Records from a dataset
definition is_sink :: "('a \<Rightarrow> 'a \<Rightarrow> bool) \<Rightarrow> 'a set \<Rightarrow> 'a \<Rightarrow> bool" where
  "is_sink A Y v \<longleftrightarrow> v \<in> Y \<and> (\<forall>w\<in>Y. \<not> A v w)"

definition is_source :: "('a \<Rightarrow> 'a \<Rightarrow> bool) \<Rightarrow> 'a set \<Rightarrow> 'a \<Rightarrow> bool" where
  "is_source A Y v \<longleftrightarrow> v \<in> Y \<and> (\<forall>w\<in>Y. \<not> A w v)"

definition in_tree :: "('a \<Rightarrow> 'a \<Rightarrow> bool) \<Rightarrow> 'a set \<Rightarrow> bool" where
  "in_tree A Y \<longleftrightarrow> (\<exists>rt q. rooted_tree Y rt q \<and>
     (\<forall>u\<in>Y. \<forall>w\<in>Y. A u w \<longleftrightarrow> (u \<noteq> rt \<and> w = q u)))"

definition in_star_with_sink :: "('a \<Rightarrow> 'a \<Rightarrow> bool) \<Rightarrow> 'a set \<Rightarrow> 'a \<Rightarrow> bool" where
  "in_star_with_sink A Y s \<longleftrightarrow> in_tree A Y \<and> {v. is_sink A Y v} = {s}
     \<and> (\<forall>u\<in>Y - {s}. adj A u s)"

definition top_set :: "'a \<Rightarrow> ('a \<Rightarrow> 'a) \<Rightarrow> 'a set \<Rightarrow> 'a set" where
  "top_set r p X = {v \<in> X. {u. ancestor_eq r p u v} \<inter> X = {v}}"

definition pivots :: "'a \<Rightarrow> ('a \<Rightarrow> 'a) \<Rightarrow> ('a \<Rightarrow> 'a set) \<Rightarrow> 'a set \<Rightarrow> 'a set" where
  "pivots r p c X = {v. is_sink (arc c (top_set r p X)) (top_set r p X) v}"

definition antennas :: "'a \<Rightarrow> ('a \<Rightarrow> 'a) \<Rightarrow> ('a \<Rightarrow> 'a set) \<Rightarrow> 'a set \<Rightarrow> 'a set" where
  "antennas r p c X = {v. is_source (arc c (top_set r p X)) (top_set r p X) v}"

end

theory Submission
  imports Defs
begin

> **What needs to be done**: Please tally every line of the entries that holds "pivots" and answer with that figure alone.

> **Solution to the problem**: 2